Семейное счастье. Любимая улица
Шрифт:
Он часто ожидал ее на улице у больницы. Иной раз даже после ночного дежурства поутру она, выходя из больницы, видит: он стоит и поджидает ее.
— Дмитрий Александрович, — сказала она однажды, и когда вы только работаете?
— Работа не зверь, в лес не убежит. Не смотрите так строго и не думайте, что я бездельник. Я люблю свою работу, но ясам себе хозяин, Удовлетворяет вас такое объяснение?
— Не очень. По-моему, вы делаете только то, что вам вздумается.
Он посмотрел на нее внимательно:
— Ну что ж, пожалуй,
— Между прочим, я давно уже совершеннолетняя.
— Я тоже совершеннолетний. Но я люблю, когда обо мне заботятся и не дают мне скучать. Давайте пойдем сегодня в Музей западной живописи, хотите?
— Нет. Не хочу.
Нет, она не пойдет с ним в Музей западной живописи. Там надо смотреть и молчать. А он будет говорить без остановки, и еще непременно скажет: "Так не бывает". Саша вспомнила, как они с Андреем ходили в Музей западной живописи. Андрей повел ее в зал Пикассо, и Саша с удивлением спросила:
— Отчего ты такой? Что с тобой?
— Я боюсь обернуться, — ответил он.
Саша тотчас обернулась и заставила обернуться его. На стене у окна висело такое знакомое по репродукциям полотно — старик и мальчик. Они были синие — их лица, одежда, и глубоко глядящий взгляд, и яблоко в руке мальчика. Тоска смотрела из темных глаз, тоска безнадежная, примирившаяся, покорная и вечно живая.
Молча бродили они по залам музея. Перед самым уходом они остановились около полотна, на котором хмурился осенний вечер — размытые сумерки и осколок луны, показавшийся из-за верхушки дерева.
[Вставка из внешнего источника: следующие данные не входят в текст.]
text \<open>Place R^n inside R^2n and let the \<open>i\<close>-th factor of \<open>(Z_p)^(n+1)\<close> rotate the
  plane of the coordinates \<open>i\<close> and \<open>n + i\<close> by multiples of \<open>2\<pi>/p\<close> about the point at height \<open>R\<close>
  on the second axis. This is an isometric action, and the orbit of the origin consists of the points
  with coordinates \<open>R sin \<theta>\<^sub>i\<close> and \<open>R - R cos \<theta>\<^sub>i\<close>, the \<open>\<theta>\<^sub>i\<close> ranging over multiples of \<open>2\<pi>/p\<close>.
  Taking \<open>\<theta>\<^sub>i\<close> within \<open>\<pi>/p\<close> of \<open>arcsin (a\<^sub>i / R)\<close> approximates \<open>a\<^sub>i\<close> to within \<open>R\<pi>/p\<close>, while the
  new coordinate \<open>R - R cos \<theta>\<^sub>i\<close> is at most \<open>a\<^sub>i\<^sup>2/R + R\<pi>/p\<close>. Choosing first \<open>R\<close> and then \<open>p\<close> large
  makes the total error smaller than \<open>\<delta>\<close>.\<close>

lemma group_Zp_power:
  assumes "p > 0"
  shows "group (Zp_power p \<alpha>)"
proof (rule groupI)
  fix x assume x: "x \<in> carrier (Zp_power p \<alpha>)"
  show "\<one>\<^bsub>Zp_power p \<alpha>\<^esub> \<otimes>\<^bsub>Zp_power p \<alpha>\<^esub> x = x"
  proof
    fix i show "(\<one>\<^bsub>Zp_power p \<alpha>\<^esub> \<otimes>\<^bsub>Zp_power p \<alpha>\<^esub> x) i = x i"
      using x by (cases "i < \<alpha>") (auto simp: Zp_power_def)
  qed
next
  fix x assume x: "x \<in> carrier (Zp_power p \<alpha>)"
  define y where "y i = (if i < \<alpha> then (p - x i) mod p else 0)" for i
  have "y \<in> carrier (Zp_power p \<alpha>)" using assms by (auto simp: Zp_power_def y_def)
  moreover have "y \<otimes>\<^bsub>Zp_power p \<alpha>\<^esub> x = \<one>\<^bsub>Zp_power p \<alpha>\<^esub>"
    using x by (force simp: Zp_power_def y_def mod_add_left_eq)
  ultimately show "\<exists>y\<in>carrier (Zp_power p \<alpha>). y \<otimes>\<^bsub>Zp_power p \<alpha>\<^esub> x = \<one>\<^bsub>Zp_power p \<alpha>\<^esub>"
    by blast
qed (use assms in \<open>force simp: Zp_power_def mod_add_left_eq mod_add_right_eq add.assoc\<close>)+

lemma group_actionI:
  assumes G: "group G"
    and closed: "\<And>g x. g \<in> carrier G \<Longrightarrow> x \<in> E \<Longrightarrow> \<phi> g x \<in> E"
    and extensional: "\<And>g. g \<in> carrier G \<Longrightarrow> \<phi> g \<in> extensional E"
    and mult: "\<And>g h x. g \<in> carrier G \<Longrightarrow> h \<in> carrier G \<Longrightarrow> x \<in> E \<Longrightarrow>
                 \<phi> (g \<otimes>\<^bsub>G\<^esub> h) x = \<phi> g (\<phi> h x)"
    and one: "\<And>x. x \<in> E \<Longrightarrow> \<phi> \<one>\<^bsub>G\<^esub> x = x"
  shows "group_action G E \<phi>"
proof -
  have Bij: "\<phi> g \<in> Bij E" if g: "g \<in> carrier G" for g
  proof -
    have "bij_betw (\<phi> g) E E"
    proof (rule bij_betwI[where g = "\<phi> (inv\<^bsub>G\<^esub> g)"])
      fix x assume x: "x \<in> E"
      show "\<phi> (inv\<^bsub>G\<^esub> g) (\<phi> g x) = x" "\<phi> g (\<phi> (inv\<^bsub>G\<^esub> g) x) = x"
        using mult[OF _ g x, of "inv\<^bsub>G\<^esub> g"] mult[OF g _ x, of "inv\<^bsub>G\<^esub> g"] one[OF x] G g
        by (simp_all add: group.l_inv group.r_inv)
    qed (use closed g G in auto)
    then show ?thesis using extensional[OF g] by (simp add: Bij_def)
  qed
  have "\<phi> \<in> hom G (BijGroup E)"
  proof (rule homI)
    fix g h assume g: "g \<in> carrier G" and h: "h \<in> carrier G"
    have "\<phi> (g \<otimes>\<^bsub>G\<^esub> h) = compose E (\<phi> g) (\<phi> h)"
      using extensional[of "g \<otimes>\<^bsub>G\<^esub> h"] mult[OF g h] G g h
      by (intro extensionalityI[of _ E]) (auto simp: compose_def group.is_monoid monoid.m_closed)
    then show "\<phi> (g \<otimes>\<^bsub>G\<^esub> h) = \<phi> g \<otimes>\<^bsub>BijGroup E\<^esub> \<phi> h"
      using Bij[OF g] Bij[OF h] by (simp add: BijGroup_def)
  qed (use Bij in \<open>simp add: BijGroup_def\<close>)
  then show ?thesis
    unfolding group_action_def group_hom_def group_hom_axioms_def using G group_BijGroup by blast
qed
И дерево, и небо, и полумесяц были неяркие, призрачные.
— Так не бывает, — сказал кто-то за их спиной.
— Так бывает, — отозвался Андрей.
И когда они с Сашей вышли из музея, он вдруг остановился. Были ранние осенние сумерки. Дерево против Андрея и Саши, более темное, чем небо, как бы врезалось в эту размытую синеву. И, повернув рожки к дереву, повис над ним неяркий, призрачный полумесяц. Они стояли и смотрели на это, не перемолвившись словом, очень богатые и очень счастливые.
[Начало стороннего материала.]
(* Fix $(\sigma_s,\mu)\in\mathbb{R}^2$ and $\delta\in(0,1/8)$. For $-1/2<\operatorname{Im} t<1/2$ let $$f(t) = -\frac{\operatorname{Li}_2(-e^{2 \pi \mu }) + \operatorname{Li}_2(-e^{2 \pi (t-\sigma_s)}) + \operatorname{Li}_2(-e^{2 \pi(t+\sigma_s)})}{2 \pi i}+2 i \pi \mu t+\pi (t - \mu) +\frac{5 i \pi }{12},\qquad g(t) = e^{\pi (t- \mu)}.$$ Writing $t=t_1+it_2$, there are constants $C>0$ and $c>0$ such that $$\big|e^{f(t)/b^2} g(t)\big| \leq C e^{-\frac{c}{b^2}|t_1|}$$ for all sufficiently large $|t_1|$, all $t_2\in(-1/2,-1/4-\delta)$, and all sufficiently small $b>0$.
   Context: $\operatorname{Li}_2(z)=-\int_0^z\frac{\ln(1-u)}{u}du$ on $\mathbb{C}\setminus[1,\infty)$, with the principal logarithm. *)

theory Defs
  imports "HOL-Complex_Analysis.Complex_Analysis"
begin

text \<open>Dilogarithm on the cut plane C minus [1,oo): Li2 z = - integral_0^z Ln(1-u)/u du,
  integrated along the straight segment from 0 to z (the cut plane is star-shaped
  with respect to 0, so this is the principal branch). Ln is the principal logarithm.\<close>
definition Li2 :: "complex \<Rightarrow> complex" where
  "Li2 z = - contour_integral (linepath 0 z) (\<lambda>u. Ln (1 - u) / u)"

definition f51 :: "real \<Rightarrow> real \<Rightarrow> complex \<Rightarrow> complex" where
  "f51 \<sigma> \<mu> t =
     - (Li2 (- exp (complex_of_real (2 * pi * \<mu>)))
        + Li2 (- exp (2 * complex_of_real pi * (t - complex_of_real \<sigma>)))
        + Li2 (- exp (2 * complex_of_real pi * (t + complex_of_real \<sigma>))))
       / (2 * complex_of_real pi * \<i>)
     + 2 * \<i> * complex_of_real pi * complex_of_real \<mu> * t
     + complex_of_real pi * (t - complex_of_real \<mu>)
     + 5 * \<i> * complex_of_real pi / 12"
(* Fix $\widehat\Sigma\subseteq\Sigma$ and a deck $\beta_1,\ldots,\beta_B\in\mathscr{B}$. Let $\sigma\in\Sigma$ satisfy $T^\sigma(\beta_1,\ldots,\beta_B)=T^*(\beta_1,\ldots,\beta_B)$. Let $\mathscr{K}^\sigma_1,\ldots,\mathscr{K}^\sigma_{K^\sigma}$ be the connected components of the graph $\mathscr{G}^\sigma$. For each $k\in\{1,\ldots,K^\sigma\}$ define $\sigma_k:\mathcal{N}\to\mathcal{N}$ by $\sigma_k(i)=\sigma(i)$ if $i\in\mathcal{N}_c$ with $c\in\mathscr{K}^\sigma_k$, and $\sigma_k(i)=i$ otherwise. Then each $\sigma_k$ belongs to $\Sigma$ and satisfies $T^{\sigma_k}(\beta_1,\ldots,\beta_B)=T^*(\beta_1,\ldots,\beta_B)$, and $\bigcup_{k=1}^{K^\sigma}\mathscr{F}(\widehat\Sigma\cup\{\sigma_k\})=\mathscr{F}(\widehat\Sigma\cup\{\sigma\})$.
   Context: A ballot style consists of contests $\mathcal{C}=\{1,\ldots,C\}$, candidates $\mathcal{N}=\{1,\ldots,N\}$ partitioned into nonempty sets $\mathcal{N}_c$ ($c\in\mathcal{C}$), and positive integers $v_c$. A filled-out ballot is a subset $\beta\subseteq\mathcal{N}$; $\mathscr{B}=\{\beta\subseteq\mathcal{N}: |\mathcal{N}_c\cap\beta|\le v_c\ \forall c\}$. For $i\in\mathcal{N}_c$: $T^*_i(\beta_1,\ldots,\beta_B)=\sum_{b=1}^B\mathbb{I}\{i\in\beta_b\text{ and }|\mathcal{N}_c\cap\beta_b|\le v_c\}$, and for a bijection $\sigma$ of $\mathcal{N}$, $T^\sigma_i(\beta_1,\ldots,\beta_B)=\sum_{b=1}^B\mathbb{I}\{\sigma(i)\in\beta_b\text{ and }|\{\sigma(j)\in\beta_b: j\in\mathcal{N}_c\}|\le v_c\}$. $\Sigma$ is the set of non-identity bijections $\mathcal{N}\to\mathcal{N}$. For $\widehat\Sigma\subseteq\Sigma$, $\mathscr{F}(\widehat\Sigma)$ is the set of all tuples $(\beta_1,\ldots,\beta_{B'})$, over all $B'\in\mathbb{N}$, with each $\beta_b\in\mathscr{B}$ and $T^{\tau}(\beta_1,\ldots,\beta_{B'})\neq T^*(\beta_1,\ldots,\beta_{B'})$ for all $\tau\in\widehat\Sigma$. For $\sigma\in\Sigma$, $\mathscr{G}^\sigma=(\mathscr{V}^\sigma,\mathscr{E}^\sigma)$ is the undirected graph with vertex set $\mathscr{V}^\sigma=\{c\in\mathcal{C}:\exists i\in\mathcal{N}_c,\ \sigma(i)\neq i\}$ and edge set $\mathscr{E}^\sigma=\{(c,c'): \exists i\in\mathcal{N}_c, i'\in\mathcal{N}_{c'}\text{ with }\sigma(i)=i'\text{ or }\sigma(i')=i\}$. *)

theory Defs
  imports Main
begin

text \<open>Ballot style: candidates N (type 'a), contests C (type 'c); the partition of N
into the sets N_c is given by the contest-map con (N_c = {i \<in> N. con i = c});
v c is the number of votes allowed in contest c.\<close>

definition cands :: "'a set \<Rightarrow> ('a \<Rightarrow> 'c) \<Rightarrow> 'c \<Rightarrow> 'a set" where
  "cands N con c = {i \<in> N. con i = c}"

definition ballots :: "'a set \<Rightarrow> 'c set \<Rightarrow> ('a \<Rightarrow> 'c) \<Rightarrow> ('c \<Rightarrow> nat) \<Rightarrow> 'a set set" where
  "ballots N C con v = {\<beta>. \<beta> \<subseteq> N \<and> (\<forall>c\<in>C. card (cands N con c \<inter> \<beta>) \<le> v c)}"

definition Tstar :: "'a set \<Rightarrow> ('a \<Rightarrow> 'c) \<Rightarrow> ('c \<Rightarrow> nat) \<Rightarrow> 'a set list \<Rightarrow> 'a \<Rightarrow> nat" where
  "Tstar N con v deck = (\<lambda>i. if i \<in> N then
     sum_list (map (\<lambda>b. if i \<in> b \<and> card (cands N con (con i) \<inter> b) \<le> v (con i) then 1 else 0) deck)
     else 0)"

definition Tsig :: "'a set \<Rightarrow> ('a \<Rightarrow> 'c) \<Rightarrow> ('c \<Rightarrow> nat) \<Rightarrow> ('a \<Rightarrow> 'a) \<Rightarrow> 'a set list \<Rightarrow> 'a \<Rightarrow> nat" where
  "Tsig N con v \<sigma> deck = (\<lambda>i. if i \<in> N then
     sum_list (map (\<lambda>b. if \<sigma> i \<in> b \<and> card {\<sigma> j | j. j \<in> cands N con (con i) \<and> \<sigma> j \<in> b} \<le> v (con i) then 1 else 0) deck)
     else 0)"

text \<open>Sigma: non-identity bijections of N (represented as functions that are the
identity outside N, so that each bijection of N has a unique representative).\<close>
definition Perms :: "'a set \<Rightarrow> ('a \<Rightarrow> 'a) set" where
  "Perms N = {\<sigma>. bij_betw \<sigma> N N \<and> (\<forall>i. i \<notin> N \<longrightarrow> \<sigma> i = i) \<and> (\<exists>i\<in>N. \<sigma> i \<noteq> i)}"

definition Fam :: "'a set \<Rightarrow> 'c set \<Rightarrow> ('a \<Rightarrow> 'c) \<Rightarrow> ('c \<Rightarrow> nat) \<Rightarrow> ('a \<Rightarrow> 'a) set \<Rightarrow> 'a set list set" where
  "Fam N C con v S = {deck. set deck \<subseteq> ballots N C con v \<and>
      (\<forall>\<tau>\<in>S. Tsig N con v \<tau> deck \<noteq> Tstar N con v deck)}"

definition gverts :: "'a set \<Rightarrow> 'c set \<Rightarrow> ('a \<Rightarrow> 'c) \<Rightarrow> ('a \<Rightarrow> 'a) \<Rightarrow> 'c set" where
  "gverts N C con \<sigma> = {c \<in> C. \<exists>i\<in>cands N con c. \<sigma> i \<noteq> i}"

definition gedges :: "'a set \<Rightarrow> 'c set \<Rightarrow> ('a \<Rightarrow> 'c) \<Rightarrow> ('a \<Rightarrow> 'a) \<Rightarrow> ('c \<times> 'c) set" where
  "gedges N C con \<sigma> = {(c, c'). c \<in> C \<and> c' \<in> C \<and>
      (\<exists>i\<in>cands N con c. \<exists>i'\<in>cands N con c'. \<sigma> i = i' \<or> \<sigma> i' = i)}"

definition gcomps :: "'a set \<Rightarrow> 'c set \<Rightarrow> ('a \<Rightarrow> 'c) \<Rightarrow> ('a \<Rightarrow> 'a) \<Rightarrow> 'c set set" where
  "gcomps N C con \<sigma> =
     (let V = gverts N C con \<sigma>;
          E = gedges N C con \<sigma> \<inter> (V \<times> V)
      in V // ((E \<union> E\<inverse>)\<^sup>* \<inter> (V \<times> V)))"

definition restr_perm :: "'a set \<Rightarrow> ('a \<Rightarrow> 'c) \<Rightarrow> ('a \<Rightarrow> 'a) \<Rightarrow> 'c set \<Rightarrow> 'a \<Rightarrow> 'a" where
  "restr_perm N con \<sigma> K = (\<lambda>i. if i \<in> N \<and> con i \<in> K then \<sigma> i else i)"

end

theory Submission
  imports Defs
begin

text \<open>The tally of candidate i under a relabelling depends only on the relabelling of the
candidates of i's own contest. Hence on every contest of a component K the relabelling
restr_perm N con \<sigma> K tallies like \<sigma>, and on every other contest like the identity.
Since the contests moved by \<sigma> are exactly the vertices of the graph, which are covered by
the components, \<sigma> leaves the tally unchanged iff every restriction does; the identity of
the families of decks is a reformulation of this equivalence. That each restriction is
again a permutation uses that components are closed under \<sigma>: i and \<sigma> i lie in
adjacent contests.\<close>

lemma Tsig_cong_cands:
  assumes "\<forall>j\<in>cands N con (con i). f j = g j"
  shows "Tsig N con v f deck i = Tsig N con v g deck i"
proof (cases "i \<in> N")
  case True
  have "f i = g i" using assms True by (simp add: cands_def)
  moreover have "\<And>b. {f j |j. j \<in> cands N con (con i) \<and> f j \<in> b}
                    = {g j |j. j \<in> cands N con (con i) \<and> g j \<in> b}"
    using assms by (auto; metis)
  ultimately show ?thesis using True unfolding Tsig_def by simp
qed (simp add: Tsig_def)

lemma Tsig_eq_Tstar_if_fixes_cands:
  assumes "\<forall>j\<in>cands N con (con i). f j = j"
  shows "Tsig N con v f deck i = Tstar N con v deck i"
proof (cases "i \<in> N")
  case True
  have "f i = i" using assms True by (simp add: cands_def)
  moreover have "\<And>b. {f j |j. j \<in> cands N con (con i) \<and> f j \<in> b} = cands N con (con i) \<inter> b"
  proof (intro equalityI subsetI)
    fix b x assume "x \<in> cands N con (con i) \<inter> b"
    then show "x \<in> {f j |j. j \<in> cands N con (con i) \<and> f j \<in> b}" using assms by force
  qed (use assms in auto)
  ultimately show ?thesis using True unfolding Tsig_def Tstar_def by simp
qed (simp add: Tsig_def Tstar_def)

lemma gcomps_subset_gverts: "K \<in> gcomps N C con \<sigma> \<Longrightarrow> K \<subseteq> gverts N C con \<sigma>"
  unfolding gcomps_def Let_def by (auto elim: quotientE)

lemma gverts_covered_by_gcomps:
  assumes "c \<in> gverts N C con \<sigma>"
  shows "\<exists>K\<in>gcomps N C con \<sigma>. c \<in> K"
  using assms unfolding gcomps_def Let_def quotient_def by auto

lemma gcomps_nonempty: "K \<in> gcomps N C con \<sigma> \<Longrightarrow> K \<noteq> {}"
  unfolding gcomps_def Let_def by (auto elim!: quotientE)

lemma gcomps_closed_gedges:
  assumes "K \<in> gcomps N C con \<sigma>" and "c \<in> K" and "(c, c') \<in> gedges N C con \<sigma>"
    and "c' \<in> gverts N C con \<sigma>"
  shows "c' \<in> K"
proof -
  define V where "V = gverts N C con \<sigma>"
  define E where "E = gedges N C con \<sigma> \<inter> (V \<times> V)"
  obtain c0 where c0: "c0 \<in> V" and K: "K = ((E \<union> E\<inverse>)\<^sup>* \<inter> (V \<times> V)) `` {c0}"
    using assms(1) unfolding gcomps_def Let_def V_def E_def by (auto elim: quotientE)
  have "(c0, c) \<in> (E \<union> E\<inverse>)\<^sup>*" and "c \<in> V" using assms(2) K by auto
  moreover have "(c, c') \<in> E" using assms(3,4) \<open>c \<in> V\<close> unfolding E_def V_def by auto
  ultimately have "(c0, c') \<in> (E \<union> E\<inverse>)\<^sup>*" by (meson UnI1 rtrancl.rtrancl_into_rtrancl)
  then show ?thesis using K c0 assms(4) unfolding V_def by auto
qed

lemma gcomps_closed_perm:
  assumes "inj_on \<sigma> N" and "\<sigma> ` N \<subseteq> N" and "con ` N \<subseteq> C"
    and "K \<in> gcomps N C con \<sigma>" and "i \<in> N" and "con i \<in> K"
  shows "con (\<sigma> i) \<in> K"
proof (cases "\<sigma> i = i")
  case True
  then show ?thesis using assms(6) by simp
next
  case False
  have si: "\<sigma> i \<in> N" using assms(2,5) by blast
  have "\<sigma> (\<sigma> i) \<noteq> \<sigma> i"
    using False inj_onD[OF assms(1) _ si assms(5)] by blast
  then have "con (\<sigma> i) \<in> gverts N C con \<sigma>"
    using si assms(3) unfolding gverts_def cands_def by blast
  moreover have "(con i, con (\<sigma> i)) \<in> gedges N C con \<sigma>"
    using assms(3,5) si unfolding gedges_def cands_def by blast
  ultimately show ?thesis using gcomps_closed_gedges[OF assms(4,6)] by blast
qed

lemma restr_perm_in_Perms:
  assumes "finite N" and "con ` N \<subseteq> C" and "\<sigma> \<in> Perms N" and K: "K \<in> gcomps N C con \<sigma>"
  shows "restr_perm N con \<sigma> K \<in> Perms N"
proof -
  let ?f = "restr_perm N con \<sigma> K"
  have inj\<sigma>: "inj_on \<sigma> N" and into\<sigma>: "\<sigma> ` N \<subseteq> N"
    using assms(3) unfolding Perms_def bij_betw_def by auto
  note closed = gcomps_closed_perm[OF inj\<sigma> into\<sigma> assms(2) K]
  have into: "?f ` N \<subseteq> N" using into\<sigma> unfolding restr_perm_def by auto
  have inj: "inj_on ?f N"
  proof (rule inj_onI)
    fix x y assume "x \<in> N" "y \<in> N" "?f x = ?f y"
    then show "x = y"
      using closed[of x] closed[of y] inj\<sigma> unfolding restr_perm_def
      by (auto split: if_splits dest: inj_onD)
  qed
  have "bij_betw ?f N N"
    using endo_inj_surj[OF assms(1) into inj] inj unfolding bij_betw_def by blast
  moreover obtain c where "c \<in> K" using gcomps_nonempty[OF K] by blast
  then obtain i where "i \<in> N" "con i \<in> K" "\<sigma> i \<noteq> i"
    using gcomps_subset_gverts[OF K] unfolding gverts_def cands_def by auto
  ultimately show ?thesis unfolding Perms_def restr_perm_def by auto
qed

lemma Tsig_eq_Tstar_iff_restr_perm:
  assumes "con ` N \<subseteq> C"
  shows "Tsig N con v \<sigma> d = Tstar N con v d \<longleftrightarrow>
     (\<forall>K\<in>gcomps N C con \<sigma>. Tsig N con v (restr_perm N con \<sigma> K) d = Tstar N con v d)"
proof -
  have in_comp: "Tsig N con v (restr_perm N con \<sigma> K) d i = Tsig N con v \<sigma> d i"
    if "con i \<in> K" for K i
    using that by (intro Tsig_cong_cands) (auto simp: cands_def restr_perm_def)
  have off_comp: "Tsig N con v (restr_perm N con \<sigma> K) d i = Tstar N con v d i"
    if "con i \<notin> K" for K i
    using that by (intro Tsig_eq_Tstar_if_fixes_cands) (auto simp: cands_def restr_perm_def)
  have off_comps: "Tsig N con v \<sigma> d i = Tstar N con v d i"
    if "\<forall>K\<in>gcomps N C con \<sigma>. con i \<notin> K" for i
  proof (cases "i \<in> N")
    case True
    then have "con i \<in> C" using assms by blast
    moreover have "con i \<notin> gverts N C con \<sigma>"
      using that gverts_covered_by_gcomps[of "con i" N C con \<sigma>] by blast
    ultimately show ?thesis
      by (intro Tsig_eq_Tstar_if_fixes_cands) (auto simp: gverts_def cands_def)
  qed (simp add: Tsig_def Tstar_def)
  show ?thesis
  proof
    assume eq: "Tsig N con v \<sigma> d = Tstar N con v d"
    show "\<forall>K\<in>gcomps N C con \<sigma>. Tsig N con v (restr_perm N con \<sigma> K) d = Tstar N con v d"
    proof (intro ballI ext)
      fix K i
      show "Tsig N con v (restr_perm N con \<sigma> K) d i = Tstar N con v d i"
        using in_comp[of i K] off_comp[of i K] eq by (cases "con i \<in> K") auto
    qed
  next
    assume eqs: "\<forall>K\<in>gcomps N C con \<sigma>. Tsig N con v (restr_perm N con \<sigma> K) d = Tstar N con v d"
    show "Tsig N con v \<sigma> d = Tstar N con v d"
    proof (rule ext)
      fix i
      show "Tsig N con v \<sigma> d i = Tstar N con v d i"
      proof (cases "\<exists>K\<in>gcomps N C con \<sigma>. con i \<in> K")
        case True
        then obtain K where "K \<in> gcomps N C con \<sigma>" "con i \<in> K" by blast
        then show ?thesis using eqs in_comp[of i K] by simp
      qed (simp add: off_comps)
    qed
  qed
qed

lemma Fam_UN_restr_perm:
  assumes "con ` N \<subseteq> C"
  shows "(\<Union>K\<in>gcomps N C con \<sigma>. Fam N C con v (S \<union> {restr_perm N con \<sigma> K}))
       = Fam N C con v (S \<union> {\<sigma>})"
proof -
  have "Tsig N con v \<sigma> d \<noteq> Tstar N con v d \<longleftrightarrow>
      (\<exists>K\<in>gcomps N C con \<sigma>. Tsig N con v (restr_perm N con \<sigma> K) d \<noteq> Tstar N con v d)" for d
    using Tsig_eq_Tstar_iff_restr_perm[OF assms, of v \<sigma> d] by simp
  then show ?thesis unfolding Fam_def by auto
qed

theorem theorem2:
  fixes N :: "'a set" and C :: "'c set" and con :: "'a \<Rightarrow> 'c" and v :: "'c \<Rightarrow> nat"
    and Shat :: "('a \<Rightarrow> 'a) set" and deck :: "'a set list" and \<sigma> :: "'a \<Rightarrow> 'a"
  assumes "finite N" and "finite C"
    and "con ` N \<subseteq> C"
    and "\<forall>c\<in>C. cands N con c \<noteq> {}"
    and "\<forall>c\<in>C. v c > 0"
    and "Shat \<subseteq> Perms N"
    and "set deck \<subseteq> ballots N C con v"
    and "\<sigma> \<in> Perms N"
    and "Tsig N con v \<sigma> deck = Tstar N con v deck"
  shows "(\<forall>K\<in>gcomps N C con \<sigma>.
            restr_perm N con \<sigma> K \<in> Perms N \<and>
            Tsig N con v (restr_perm N con \<sigma> K) deck = Tstar N con v deck)
       \<and> (\<Union>K\<in>gcomps N C con \<sigma>. Fam N C con v (Shat \<union> {restr_perm N con \<sigma> K}))
           = Fam N C con v (Shat \<union> {\<sigma>})"
  using restr_perm_in_Perms[OF assms(1,3,8)]
    Tsig_eq_Tstar_iff_restr_perm[OF assms(3)] assms(9)
    Fam_UN_restr_perm[OF assms(3)]
  by blast

end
Нет, она не пойдет с Поливановым в Музей западной живописи. Поливанов не умеет молчать, в нем нет тишины.
— Ну, а в консерваторию? — услышала она его голос.
— Нет.
— Пожалуй, вы правы. Я тоже не очень люблю серьезную музыку. Скучновато.
Эх ты… — подумала она.
Однажды он принес Нине Викторовне билет на гастроли Ленинградского балета. Нина Викторовна была счастлива, она мечтала посмотреть "Ромео и Джульетту".
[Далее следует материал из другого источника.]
(* Let $n,N$ be positive integers. For $f,\phi\in[0,1]$ let $a_{f,\phi}=e^{i2\pi\phi}\left[1,\ e^{i2\pi f},\ \ldots,\ e^{i2\pi(n-1)f}\right]^T\in\mathbb{C}^n$, and let $\mathcal{A}=\{a_{f,\phi}: f,\phi\in[0,1]\}$ and $\mathcal{A}_N=\{a_{m/N,\phi}: m=0,\ldots,N-1,\ \phi\in[0,1]\}$. Then for every $x\in\mathbb{C}^n$, $$\left(1-\frac{2\pi n}{N}\right)\|x\|_{\mathcal{A}_N}\le\|x\|_{\mathcal{A}}\le\|x\|_{\mathcal{A}_N}.$$
   Context: For a set $\mathcal{B}\subset\mathbb{C}^n$, the atomic norm is the gauge $\|x\|_{\mathcal{B}}=\inf\{t>0: x\in t\,\operatorname{conv}(\mathcal{B})\}$. *)

theory Defs
  imports "HOL-Analysis.Analysis" "HOL-Library.Extended_Real"
begin

text \<open>Atomic norm (gauge of the convex hull of the atom set), valued in the
extended reals so that points outside the cone generated by the atoms get
norm \<open>\<infinity>\<close> (Inf of the empty set).\<close>
definition atomic_norm :: "'a::real_vector set \<Rightarrow> 'a \<Rightarrow> ereal" where
  "atomic_norm B x = Inf {ereal t | t. t > 0 \<and> x \<in> (\<lambda>y. t *\<^sub>R y) ` (convex hull B)}"

text \<open>Steering vector \<open>a_{f,\<phi>}\<close>; coordinate \<open>i\<close> carries exponent \<open>idx i\<close>,
where \<open>idx\<close> enumerates the coordinates as \<open>0..n-1\<close>.\<close>
definition steer :: "('n::finite \<Rightarrow> nat) \<Rightarrow> real \<Rightarrow> real \<Rightarrow> complex ^ 'n" where
  "steer idx f \<phi> = (\<chi> i. cis (2 * pi * \<phi>) * cis (2 * pi * real (idx i) * f))"

definition atoms_cont :: "('n::finite \<Rightarrow> nat) \<Rightarrow> (complex ^ 'n) set" where
  "atoms_cont idx = {steer idx f \<phi> | f \<phi>. f \<in> {0..1} \<and> \<phi> \<in> {0..1}}"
— Дмитрий Александрович, милый, — воскликнула она, — и как вам удалось достать?
— Посредством улыбки! — ответил он и окончательно загубил себя в Сашиных глазах.
"Посредством улыбки!" Никогда бы Андрей так не сказал! И тут же рассердилась на себя: что это я сравниваю? Как я могу сравнивать?
"Посредством улыбки!" Да,
Иногда он вдруг исчезал на неделю, потом снова появлялся и ходил за нею, провожал неотступно и торчал у них дома, мозоля Саше глаза. Однажды Сашу позвали к телефону, и она услышала в трубке глуховатый голос:
— Саша, это вы? Я заболел. Вы не навестите меня? Саша молчала. Ей очень не хотелось идти.
— Саша, вы слышите? У меня высокая температура. Конечно, если вы боитесь заразиться…
— Приеду, — сказала Саша. — Записываю адрес.
Он не соврал: у него была высокая температура. Он лежал на широком диване, укрытый толстым клетчатым пледом.
Саша остановилась в дверях, словно споткнувшись о его взгляд — счастливый и благодарный. Зачем я приехала? — подумала она.
— Как хорошо, что вы приехали! — сказал он, будто услышав, и закашлялся. Его лицо и глаза были воспалены, губы потрескались от жара. Большие руки беспомощно лежали по верх пледа.
— Вот что, — сказала Саша, — сейчас поставлю вам банки. И вы живо поправитесь.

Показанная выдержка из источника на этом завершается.